Rethinking the GPT-5 Era: Integrating Synthetic Data into LLMs training

Terrance Alexander
b8125-spring2024
Published in
4 min readApr 16, 2024

This Monday, I listened to WSJ’s Tech News Briefing, which spoke to the challenges of training LLMs like GPT-4 and the anticipated GPT-5. Given my past experience working in novel synthetic data research, I believe we are at a critical juncture in the AI industry’s evolving landscape, especially with how major players develop these models.

Currently, we see diminishing returns as the scale and cost of training LLMs escalate dramatically. GPT-4, with its 1.7 trillion parameters and training on 13 trillion tokens, came with a hefty $100M price tag. The speculative leap to GPT-5 suggests a staggering cost exceeding $1B, alongside significant environmental concern.

The exponential growth in the cost and environmental impact of developing LLMs is a reflection of the increasing complexity and computational demands of these models. Each iteration from GPT-1 onwards has seen a substantial increase in the number of parameters (from millions to now trillions), indicating a trend towards more sophisticated and capable models. However, this trend also highlights the issue of declining marginal returns, where each incremental improvement in model performance requires disproportionately greater resources.

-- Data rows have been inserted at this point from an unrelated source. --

text \<open>The dither is rarely much shorter than \<open>\<surd>(n \<sigma>\<^sub>U^2)\<close> when the lattice is nearly
  optimal, and hence, by its mean, rarely much longer.\<close>
lemma prob_dither_sq_norm_gt_le:
  assumes n: "n > 0" and G: "NSM n (lattice n B) > 0" and \<gamma>: "0 \<le> \<gamma>" "\<gamma> < 1" and \<delta>: "\<delta> > 0"
  shows "prob {\<omega>\<in>space M. (\<Sum>i<n. (U \<omega> i)\<^sup>2) > (1 + \<delta>) * (real n * second_moment n (lattice n B))}
    \<le> (\<gamma> + ((1 - \<gamma>) * (2 * pi * exp 1 * NSM n (lattice n B))) powr (real n / 2)) / \<delta>"
proof -
  define m where "m = real n * second_moment n (lattice n B)"
  have m: "m > 0"
    using G n cell_volume_pos by (simp add: m_def NSM_def zero_less_divide_iff)
  define A where "A = {x\<in>space (Rn n). (\<Sum>i<n. (x i)\<^sup>2) \<le> (1 - \<gamma>) * m}"
  have "{\<omega>\<in>space M. (\<Sum>i<n. (U \<omega> i)\<^sup>2) \<le> (1 - \<gamma>) * m} = {\<omega>\<in>space M. U \<omega> \<in> A}"
    unfolding A_def using measurable_space[OF measurable_dither] by auto
  also have "prob \<dots> \<le> (2 * pi * exp 1 * ((1 - \<gamma>) * m) / real n) powr (real n / 2) / cell_volume n (lattice n B)"
    unfolding A_def using m \<gamma> n by (intro prob_dither_in_le emeasure_ball_le) auto
  also have "\<dots> = ((1 - \<gamma>) * (2 * pi * exp 1 * NSM n (lattice n B))) powr (real n / 2)"
    unfolding m_def using n \<gamma> by (intro ball_volume_bound_div_cell_volume) auto
  finally have "prob {\<omega>\<in>space M. (\<Sum>i<n. (U \<omega> i)\<^sup>2) \<le> (1 - \<gamma>) * m}
      \<le> ((1 - \<gamma>) * (2 * pi * exp 1 * NSM n (lattice n B))) powr (real n / 2)" .
  moreover have "prob {\<omega>\<in>space M. (\<Sum>i<n. (U \<omega> i)\<^sup>2) > (1 + \<delta>) * m}
      \<le> (\<gamma> + prob {\<omega>\<in>space M. (\<Sum>i<n. (U \<omega> i)\<^sup>2) \<le> (1 - \<gamma>) * m}) / \<delta>"
    using \<gamma> \<delta> m
    by (intro prob_above_mean_le integrable_dither_sq_norm) (auto simp: sum_nonneg m_def expectation_dither_sq_norm)
  ultimately show ?thesis
    unfolding m_def[symmetric] using \<delta> by (smt (verit) divide_right_mono)
qed

end

section \<open>Noise plus dither\<close>

lemma sq_vnorm_lin_comb:
  "(vnorm n (restrict (\<lambda>i. \<alpha> * x i + \<beta> * y i) {..<n}))\<^sup>2
    = \<alpha>\<^sup>2 * (\<Sum>i<n. (x i)\<^sup>2) + \<beta>\<^sup>2 * (\<Sum>i<n. (y i)\<^sup>2) + 2 * (\<alpha> * \<beta>) * (\<Sum>i<n. x i * y i)"
proof -
  have "(vnorm n (restrict (\<lambda>i. \<alpha> * x i + \<beta> * y i) {..<n}))\<^sup>2
      = (\<Sum>i<n. \<alpha>\<^sup>2 * (x i)\<^sup>2 + \<beta>\<^sup>2 * (y i)\<^sup>2 + 2 * (\<alpha> * \<beta>) * (x i * y i))"
    unfolding vnorm_sq by (rule sum.cong) (auto simp: power2_eq_square algebra_simps)
  then show ?thesis by (simp add: sum.distrib sum_distrib_left)
qed

text \<open>By AM-GM, \<open>2 |\<alpha> \<beta>| \<surd>X \<surd>Y \<le> \<alpha>^2 X + \<beta>^2 Y\<close>, so a cross term of relative size \<open>\<eta>\<close>
  costs at most a factor \<open>1 + \<eta>\<close>.\<close>
lemma lin_comb_sq_le:
  fixes a b c \<alpha> \<beta> \<eta> X Y :: real
  assumes a: "0 \<le> a" "a \<le> X" and b: "0 \<le> b" "b \<le> Y" and \<eta>: "\<eta> \<ge> 0"
    and c: "\<bar>c\<bar> \<le> \<eta> * sqrt a * sqrt Y"
  shows "\<alpha>\<^sup>2 * a + \<beta>\<^sup>2 * b + 2 * (\<alpha> * \<beta> * c) \<le> (1 + \<eta>) * (\<alpha>\<^sup>2 * X + \<beta>\<^sup>2 * Y)"
proof -
  have "\<alpha> * \<beta> * c \<le> \<bar>\<alpha> * \<beta>\<bar> * \<bar>c\<bar>"
    by (simp only: abs_mult[symmetric] abs_ge_self)
  also have "\<dots> \<le> \<bar>\<alpha> * \<beta>\<bar> * (\<eta> * sqrt a * sqrt Y)"
    using c by (intro mult_left_mono) auto
  also have "\<dots> \<le> \<bar>\<alpha> * \<beta>\<bar> * (\<eta> * sqrt X * sqrt Y)"
    using a b \<eta> by (intro mult_left_mono mult_right_mono) auto
  also have "\<dots> = \<eta> * ((\<bar>\<alpha>\<bar> * sqrt X) * (\<bar>\<beta>\<bar> * sqrt Y))" by (simp add: abs_mult mult_ac)
  finally have cross: "\<alpha> * \<beta> * c \<le> \<eta> * ((\<bar>\<alpha>\<bar> * sqrt X) * (\<bar>\<beta>\<bar> * sqrt Y))" .
  have "0 \<le> (\<bar>\<alpha>\<bar> * sqrt X - \<bar>\<beta>\<bar> * sqrt Y)\<^sup>2" by simp
  then have "2 * ((\<bar>\<alpha>\<bar> * sqrt X) * (\<bar>\<beta>\<bar> * sqrt Y)) \<le> \<alpha>\<^sup>2 * X + \<beta>\<^sup>2 * Y"
    using a b by (simp add: power2_diff power_mult_distrib)
  then have "\<eta> * (2 * ((\<bar>\<alpha>\<bar> * sqrt X) * (\<bar>\<beta>\<bar> * sqrt Y))) \<le> \<eta> * (\<alpha>\<^sup>2 * X + \<beta>\<^sup>2 * Y)"
    using \<eta> by (rule mult_left_mono)
  then have "2 * (\<alpha> * \<beta> * c) \<le> \<eta> * (\<alpha>\<^sup>2 * X + \<beta>\<^sup>2 * Y)"
    using cross by linarith
  moreover have "\<alpha>\<^sup>2 * a \<le> \<alpha>\<^sup>2 * X" "\<beta>\<^sup>2 * b \<le> \<beta>\<^sup>2 * Y"
    using a b by (simp_all add: mult_left_mono)
  ultimately show ?thesis by (simp add: algebra_simps)
qed

locale noisy_voronoi_dither = voronoi_dither +
  fixes N :: "'a \<Rightarrow> nat \<Rightarrow> real" and \<alpha> \<beta> :: real
  assumes measurable_noise [measurable]: "N \<in> M \<rightarrow>\<^sub>M Rn n"
    and integrable_noise: "integrable M (\<lambda>\<omega>. (vnorm n (N \<omega>))\<^sup>2)"
    and indep_noise_dither: "indep_var (Rn n) N (Rn n) U"
begin

abbreviation Z :: "'a \<Rightarrow> nat \<Rightarrow> real" where
  "Z \<equiv> \<lambda>\<omega>. restrict (\<lambda>i. \<alpha> * N \<omega> i + \<beta> * U \<omega> i) {..<n}"

lemma measurable_Z: "Z \<in> M \<rightarrow>\<^sub>M Rn n"
proof -
  have "(\<lambda>\<omega>. \<alpha> * N \<omega> i + \<beta> * U \<omega> i) \<in> borel_measurable M" if i: "i < n" for i
    using measurable_compose[OF measurable_noise measurable_Rn_component[OF i]]
      measurable_compose[OF measurable_dither measurable_Rn_component[OF i]]
    by (intro borel_measurable_add borel_measurable_times borel_measurable_const)
  then show ?thesis unfolding Rn_def by (intro measurable_restrict) auto
qed

lemma integrable_noise_sum_sq: "integrable M (\<lambda>\<omega>. \<Sum>i<n. (N \<omega> i)\<^sup>2)"
  using integrable_noise by (simp add: vnorm_sq)

lemma
  shows integrable_cross_term: "integrable M (\<lambda>\<omega>. \<Sum>i<n. N \<omega> i * U \<omega> i)"
    and expectation_cross_term: "expectation (\<lambda>\<omega>. \<Sum>i<n. N \<omega> i * U \<omega> i) = 0"
proof -
  have "integrable M (\<lambda>\<omega>. N \<omega> i * U \<omega> i) \<and> expectation (\<lambda>\<omega>. N \<omega> i * U \<omega> i) = 0" if i: "i < n" for i
  proof -
    have "indep_var borel (\<lambda>\<omega>. N \<omega> i) borel (\<lambda>\<omega>. U \<omega> i)"
      using indep_var_compose[OF indep_noise_dither measurable_Rn_component[OF i]
          measurable_Rn_component[OF i]] by (simp add: comp_def)
    moreover note integrable_component_if_integrable_sum_sq[OF measurable_noise integrable_noise_sum_sq i]
      integrable_dither_component[OF i]
    ultimately have "integrable M (\<lambda>\<omega>. N \<omega> i * U \<omega> i)"
      and "expectation (\<lambda>\<omega>. N \<omega> i * U \<omega> i) = expectation (\<lambda>\<omega>. N \<omega> i) * expectation (\<lambda>\<omega>. U \<omega> i)"
      by (rule indep_var_integrable, rule indep_var_lebesgue_integral)
    then show ?thesis using expectation_dither_component[OF i] by simp
  qed
  then show "integrable M (\<lambda>\<omega>. \<Sum>i<n. N \<omega> i * U \<omega> i)"
    and "expectation (\<lambda>\<omega>. \<Sum>i<n. N \<omega> i * U \<omega> i) = 0"
    by (auto simp: Bochner_Integration.integral_sum)
qed

lemma integrable_sq_vnorm_Z: "integrable M (\<lambda>\<omega>. (vnorm n (Z \<omega>))\<^sup>2)"
  unfolding sq_vnorm_lin_comb
  by (intro Bochner_Integration.integrable_add integrable_mult_right integrable_noise_sum_sq
      integrable_dither_sq_norm integrable_cross_term)

text \<open>The cross term has mean zero, so the effective variances add.\<close>
lemma eff_var_Z: "eff_var M n Z = \<alpha>\<^sup>2 * eff_var M n N + \<beta>\<^sup>2 * second_moment n (lattice n B)"
proof (cases "n = 0")
  case True then show ?thesis by (simp add: eff_var_def second_moment_def)
next
  case False
  have "expectation (\<lambda>\<omega>. (vnorm n (Z \<omega>))\<^sup>2)
      = \<alpha>\<^sup>2 * expectation (\<lambda>\<omega>. \<Sum>i<n. (N \<omega> i)\<^sup>2) + \<beta>\<^sup>2 * (real n * second_moment n (lattice n B))"
    unfolding sq_vnorm_lin_comb
    by (simp add: Bochner_Integration.integral_add integrable_mult_right integrable_noise_sum_sq
        integrable_dither_sq_norm integrable_cross_term expectation_cross_term expectation_dither_sq_norm)
  then show ?thesis using False by (simp add: eff_var_def vnorm_sq field_simps)
qed

end

lemma sq_vnorm_lin_comb_le:
  assumes x: "(\<Sum>i<n. (x i)\<^sup>2) \<le> X" and y: "(\<Sum>i<n. (y i)\<^sup>2) \<le> Y" and \<eta>: "\<eta> \<ge> 0"
    and xy: "\<bar>\<Sum>i<n. x i * y i\<bar> \<le> \<eta> * vnorm n x * sqrt Y"
  shows "(vnorm n (restrict (\<lambda>i. \<alpha> * x i + \<beta> * y i) {..<n}))\<^sup>2 \<le> (1 + \<eta>) * (\<alpha>\<^sup>2 * X + \<beta>\<^sup>2 * Y)"
  unfolding sq_vnorm_lin_comb
  using lin_comb_sq_le[OF _ x _ y \<eta>, of "\<Sum>i<n. x i * y i"] xy
  by (simp add: sum_nonneg vnorm_def mult.assoc)

context noisy_voronoi_dither
begin

lemma prob_cross_term_large_le:
  assumes n: "n > 0" and G: "NSM n (lattice n B) > 0" and \<eta>: "0 < \<eta>" "\<eta> < 1" and \<delta>: "\<delta> > 0"
  defines "R2 \<equiv> (1 + \<delta>) * (real n * second_moment n (lattice n B))"
  shows "prob {\<omega>\<in>space M. (\<Sum>i<n. (U \<omega> i)\<^sup>2) \<le> R2 \<and> \<eta> * vnorm n (N \<omega>) * sqrt R2 < \<bar>\<Sum>i<n. N \<omega> i * U \<omega> i\<bar>}
    \<le> 2 * ((1 + \<delta>) * (1 - \<eta>\<^sup>2) * (2 * pi * exp 1 * NSM n (lattice n B))) powr (real n / 2)"
    (is "prob ?E \<le> ?c")
proof -
  have R2: "R2 > 0"
    using G n \<delta> cell_volume_pos by (simp add: R2_def NSM_def zero_less_divide_iff)
  define S where "S = {p \<in> space (Rn n \<Otimes>\<^sub>M Rn n). (\<Sum>i<n. (snd p i)\<^sup>2) \<le> R2
    \<and> \<eta> * vnorm n (fst p) * sqrt R2 < \<bar>\<Sum>i<n. fst p i * snd p i\<bar>}"
  have "?E = {\<omega>\<in>space M. (N \<omega>, U \<omega>) \<in> S}"
    using measurable_space[OF measurable_noise] measurable_space[OF measurable_dither]
    by (auto simp: S_def space_pair_measure)
  also have "prob \<dots> \<le> ?c"
  proof (rule prob_indep_pair_le[OF measurable_noise measurable_dither indep_noise_dither])
    show "S \<in> sets (Rn n \<Otimes>\<^sub>M Rn n)" unfolding S_def vnorm_def Rn_def by measurable
    show "?c \<ge> 0" by simp
    fix v assume v: "v \<in> space (Rn n)"
    show "prob {\<omega>\<in>space M. (v, U \<omega>) \<in> S} \<le> ?c"
    proof (cases "vnorm n v = 0")
      case True
      then have "v i = 0" if "i < n" for i
        using that by (simp add: vnorm_def sum_nonneg_eq_0_iff)
      then have empty: "{\<omega>\<in>space M. (v, U \<omega>) \<in> S} = {}" by (simp add: S_def True)
      show ?thesis unfolding empty by simp
    next
      case False
      then have W: "vnorm n v > 0" by (simp add: vnorm_def sum_nonneg order_neq_le_trans)
      define w where "w i = v i / vnorm n v" for i
      have w: "(\<Sum>i<n. (w i)\<^sup>2) = 1"
        using W vnorm_sq[of n v] by (simp add: w_def power_divide sum_divide_distrib[symmetric] flip: vnorm_sq)
      define A where "A = {x\<in>space (Rn n). (\<Sum>i<n. (x i)\<^sup>2) \<le> R2 \<and> \<eta> * sqrt R2 < \<bar>\<Sum>i<n. x i * w i\<bar>}"
      have inner: "\<bar>\<Sum>i<n. v i * x i\<bar> = vnorm n v * \<bar>\<Sum>i<n. x i * w i\<bar>" for x
        using W by (simp add: w_def sum_divide_distrib[symmetric] abs_mult mult.commute)
      have "{\<omega>\<in>space M. (v, U \<omega>) \<in> S} = {\<omega>\<in>space M. U \<omega> \<in> A}"
        using v W measurable_space[OF measurable_dither]
        by (auto simp: S_def A_def space_pair_measure inner mult.commute[of _ "vnorm n v"] mult.assoc)
      also have "prob \<dots> \<le> 2 * (2 * pi * exp 1 * (R2 - (\<eta> * sqrt R2)\<^sup>2) / real n) powr (real n / 2)
          / cell_volume n (lattice n B)"
      proof (rule prob_dither_in_le)
        show "A \<in> sets (Rn n)" unfolding A_def Rn_def by measurable
        have "\<eta>\<^sup>2 < 1" using \<eta> by (simp add: abs_square_less_1)
        then have "(\<eta> * sqrt R2)\<^sup>2 < R2" using R2 by (simp add: power_mult_distrib)
        then show "emeasure (Rn n) A \<le> ennreal (2 * (2 * pi * exp 1 * (R2 - (\<eta> * sqrt R2)\<^sup>2) / real n) powr (real n / 2))"
          unfolding A_def using n w \<eta> R2 by (intro emeasure_ball_inter_slab_compl_le) auto
      qed simp
      also have "R2 - (\<eta> * sqrt R2)\<^sup>2 = (1 + \<delta>) * (1 - \<eta>\<^sup>2) * (real n * second_moment n (lattice n B))"
        using R2 by (simp add: R2_def power_mult_distrib algebra_simps)
      also have "2 * (2 * pi * exp 1 * \<dots> / real n) powr (real n / 2) / cell_volume n (lattice n B) = ?c"
        using ball_volume_bound_div_cell_volume[OF n, of "(1 + \<delta>) * (1 - \<eta>\<^sup>2)"] \<eta> \<delta>
        by (simp add: power_le_one)
      finally show ?thesis .
    qed
  qed
  finally show ?thesis .
qed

The partnership between OpenAI and Microsoft on the Stargate project, a $100B initiative to build a 5GW AI supercomputer, exemplifies the scale of investment and environmental considerations involved in advancing AI technology. The project’s ambition to power such a massive computational endeavor — potentially with nuclear energy — underscores the significant environmental footprint that underlies cutting-edge AI research.

Amidst this backdrop, the quest for high-quality training data has become increasingly desperate. Companies are scouring the internet for usable data, with OpenAI’s Sora project reportedly training on YouTube videos… directly against Alphabet’s policies! We also see a widespread scramble to utilize Reddit’s data (e.g. Google’s $60M deal for real-time access to Reddit). This highlights a critical issue: the dearth of high-quality data. The reliance on readily available data may be shortsighted, as the next phase of AI development could pivot towards enhancing data quality and incorporating synthetic data.

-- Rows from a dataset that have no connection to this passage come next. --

lemma offset_eq_offset_iff:
  "i < length ns \<Longrightarrow> x < ns ! i \<Longrightarrow> j < length ns \<Longrightarrow> y < ns ! j \<Longrightarrow>
   offset ns i + x = offset ns j + y \<longleftrightarrow> i = j \<and> x = y"
  by (metis locate_offset prod.inject)

lemma nth_concat_offset:
  "i < length ts \<Longrightarrow> x < length (ts ! i) \<Longrightarrow> concat ts ! (offset (map length ts) i + x) = ts ! i ! x"
proof (induction ts arbitrary: i)
  case (Cons t ts)
  then show ?case by (cases i) (auto simp: nth_append)
qed simp

lemma sum_lessThan_add: "(\<Sum>z<m + n. g z) = (\<Sum>z<m. g z) + (\<Sum>z<n. g (m + z))" for m n :: nat
  by (induction n) (simp_all add: add.assoc)

lemma sum_lessThan_sum_list:
  "(\<Sum>z<sum_list ns. g z) = (\<Sum>i<length ns. \<Sum>x<ns ! i. g (offset ns i + x))"
proof (induction ns arbitrary: g)
  case (Cons n ns)
  then show ?case
    by (simp add: sum_lessThan_add sum.lessThan_Suc_shift add.assoc del: sum.lessThan_Suc)
qed simp

lemma sum_lessThan_mult: "(\<Sum>z<k * c. g z) = (\<Sum>l<c. \<Sum>w<k. g (w * c + l))" for k c :: nat
proof (induction k)
  case (Suc k)
  have "(\<Sum>z<Suc k * c. g z) = (\<Sum>z<k * c + c. g z)" by (simp add: add.commute)
  also have "\<dots> = (\<Sum>z<k * c. g z) + (\<Sum>l<c. g (k * c + l))" by (rule sum_lessThan_add)
  finally show ?case by (simp add: Suc.IH sum.distrib add.commute)
qed simp

fun mat_sum :: "'a::plus mat list \<Rightarrow> 'a mat" where
  "mat_sum [] = undefined"
| "mat_sum [A] = A"
| "mat_sum (A # B # As) = A + mat_sum (B # As)"

lemma mat_sum_carrier:
  "As \<noteq> [] \<Longrightarrow> \<forall>A\<in>set As. A \<in> carrier_mat n m \<Longrightarrow> mat_sum As \<in> carrier_mat n m"
  by (induction As rule: mat_sum.induct) auto

lemma index_mat_sum:
  "As \<noteq> [] \<Longrightarrow> \<forall>A\<in>set As. A \<in> carrier_mat n m \<Longrightarrow> x < n \<Longrightarrow> y < m \<Longrightarrow>
   mat_sum As $$ (x, y) = sum_list (map (\<lambda>A. A $$ (x, y)) As)"
proof (induction As rule: mat_sum.induct)
  case (3 A B As)
  then show ?case using mat_sum_carrier[of "B # As" n m] by auto
qed auto

definition submat_at :: "nat \<Rightarrow> nat \<Rightarrow> nat \<Rightarrow> nat \<Rightarrow> 'a mat \<Rightarrow> 'a mat" where
  "submat_at r c n m M = mat n m (\<lambda>(x, y). M $$ (r + x, c + y))"

definition block :: "nat list \<Rightarrow> nat list \<Rightarrow> 'a mat \<Rightarrow> nat \<Rightarrow> nat \<Rightarrow> 'a mat" where
  "block ns ms M i j = submat_at (offset ns i) (offset ms j) (ns ! i) (ms ! j) M"

definition of_blocks :: "nat list \<Rightarrow> nat list \<Rightarrow> (nat \<Rightarrow> nat \<Rightarrow> 'a mat) \<Rightarrow> 'a mat" where
  "of_blocks ns ms B = mat (sum_list ns) (sum_list ms)
     (\<lambda>(p, q). case locate ns p of (i, x) \<Rightarrow> case locate ms q of (j, y) \<Rightarrow> B i j $$ (x, y))"

definition sparse_blocks ::
    "nat list \<Rightarrow> nat list \<Rightarrow> ((nat \<times> nat) \<times> 'a::zero mat) list \<Rightarrow> nat \<Rightarrow> nat \<Rightarrow> 'a mat" where
  "sparse_blocks ns ms bs i j = (case map_of bs (i, j) of Some A \<Rightarrow> A | None \<Rightarrow> 0\<^sub>m (ns ! i) (ms ! j))"

abbreviation sparse_block_mat :: "nat list \<Rightarrow> nat list \<Rightarrow> ((nat \<times> nat) \<times> 'a::zero mat) list \<Rightarrow> 'a mat" where
  "sparse_block_mat ns ms bs \<equiv> of_blocks ns ms (sparse_blocks ns ms bs)"

lemma dim_submat_at [simp]: "dim_row (submat_at r c n m M) = n" "dim_col (submat_at r c n m M) = m"
  by (simp_all add: submat_at_def)

lemma dim_block [simp]: "dim_row (block ns ms M i j) = ns ! i" "dim_col (block ns ms M i j) = ms ! j"
  by (simp_all add: block_def)

lemma dim_of_blocks [simp]:
  "dim_row (of_blocks ns ms B) = sum_list ns" "dim_col (of_blocks ns ms B) = sum_list ms"
  by (simp_all add: of_blocks_def)

lemma index_block:
  "x < ns ! i \<Longrightarrow> y < ms ! j \<Longrightarrow> block ns ms M i j $$ (x, y) = M $$ (offset ns i + x, offset ms j + y)"
  by (simp add: block_def submat_at_def)

lemma block_ext:
  assumes "dim_row M = sum_list ns" "dim_col M = sum_list ms" "dim_row N = sum_list ns" "dim_col N = sum_list ms"
    and "\<forall>i<length ns. \<forall>j<length ms. block ns ms M i j = block ns ms N i j"
  shows "M = N"
proof (rule eq_matI)
  fix p q assume "p < dim_row N" "q < dim_col N"
  then have "p < sum_list ns" "q < sum_list ms" using assms(3,4) by auto
  moreover obtain i x j y where "locate ns p = (i, x)" "locate ms q = (j, y)" by fastforce
  ultimately have i: "i < length ns" "x < ns ! i" "p = offset ns i + x"
    and j: "j < length ms" "y < ms ! j" "q = offset ms j + y"
    using locate_less_sum_list by metis+
  have "block ns ms M i j $$ (x, y) = block ns ms N i j $$ (x, y)" using assms(5) i j by simp
  then show "M $$ (p, q) = N $$ (p, q)" using i j by (simp add: index_block)
qed (use assms in auto)

lemma block_of_blocks [simp]:
  "i < length ns \<Longrightarrow> j < length ms \<Longrightarrow> dim_row (B i j) = ns ! i \<Longrightarrow> dim_col (B i j) = ms ! j \<Longrightarrow>
   block ns ms (of_blocks ns ms B) i j = B i j"
  by (rule eq_matI) (auto simp: index_block of_blocks_def locate_offset offset_add_less_sum_list)

lemma eq_of_blocksI:
  assumes "dim_row M = sum_list ns" "dim_col M = sum_list ms"
    and blocks: "\<forall>i<length ns. \<forall>j<length ms. block ns ms M i j = B i j"
  shows "M = of_blocks ns ms B"
proof (rule block_ext)
  show "\<forall>i<length ns. \<forall>j<length ms. block ns ms M i j = block ns ms (of_blocks ns ms B) i j"
  proof (intro allI impI)
    fix i j assume ij: "i < length ns" "j < length ms"
    then have "dim_row (B i j) = ns ! i" "dim_col (B i j) = ms ! j"
      using blocks by (metis dim_block)+
    then show "block ns ms M i j = block ns ms (of_blocks ns ms B) i j" using blocks ij by simp
  qed
qed (simp_all add: assms(1,2))

lemma block_mult:
  assumes "dim_row M = sum_list ns" "dim_col M = sum_list ks" "dim_row N = sum_list ks" "dim_col N = sum_list ms"
    and i: "i < length ns" and j: "j < length ms" and ks: "ks \<noteq> []"
  shows "block ns ms (M * N) i j = mat_sum (map (\<lambda>l. block ns ks M i l * block ks ms N l j) [0..<length ks])"
    (is "_ = mat_sum ?Ps")
proof -
  have M: "M \<in> carrier_mat (sum_list ns) (sum_list ks)" and N: "N \<in> carrier_mat (sum_list ks) (sum_list ms)"
    using assms(1-4) by (auto intro: carrier_matI)
  have car: "\<forall>P\<in>set ?Ps. P \<in> carrier_mat (ns ! i) (ms ! j)" by auto
  show ?thesis
  proof (rule eq_matI)
    fix x y assume "x < dim_row (mat_sum ?Ps)" "y < dim_col (mat_sum ?Ps)"
    then have x: "x < ns ! i" and y: "y < ms ! j" using mat_sum_carrier[OF _ car] ks by auto
    have "block ns ms (M * N) i j $$ (x, y)
        = (\<Sum>z<sum_list ks. M $$ (offset ns i + x, z) * N $$ (z, offset ms j + y))"
      using M N x y offset_add_less_sum_list[OF i x] offset_add_less_sum_list[OF j y]
      by (simp add: index_block scalar_prod_def atLeast0LessThan)
    also have "\<dots> = (\<Sum>l<length ks. (block ns ks M i l * block ks ms N l j) $$ (x, y))"
      using x y by (simp add: sum_lessThan_sum_list index_block scalar_prod_def atLeast0LessThan)
    also have "\<dots> = mat_sum ?Ps $$ (x, y)"
      using ks x y car by (simp add: index_mat_sum sum_list_sum_nth atLeast0LessThan del: index_mult_mat)
    finally show "block ns ms (M * N) i j $$ (x, y) = mat_sum ?Ps $$ (x, y)" .
  qed (use mat_sum_carrier[OF _ car] ks in auto)
qed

Synthetic data, generated through AI itself, presents an alternative to traditional data sources. To clarify, synthetic data is artificially created data that mimics real-world data patterns and characteristics. This process involves using algorithms to generate data points that closely resemble those found in actual datasets. By leveraging synthetic data, researchers and developers can augment their training datasets, providing additional examples and scenarios that may be difficult to obtain in real-world data.

Using synthetic data to train LLMs holds promise for overcoming some of the challenges associated with traditional data sourcing. Synthetic data can create tailored, high-quality datasets that can supplement existing data sources, helping address the industry’s data scarcity and bias issues. Additionally, synthetic data can be generated at scale and customized to specific use cases, providing greater flexibility and control over the training process.

However, it’s important to acknowledge that synthetic data brings challenges as well. One concern is the risk of “model overfitting,” where models trained on AI-generated content may struggle to distinguish between computer-written and human-written text. Additionally, synthetic data requires careful validation and testing processes to mitigate potential algorithmic biases. Despite these challenges, integrating synthetic data into AI development efforts can help address the growing demand for high-quality training data.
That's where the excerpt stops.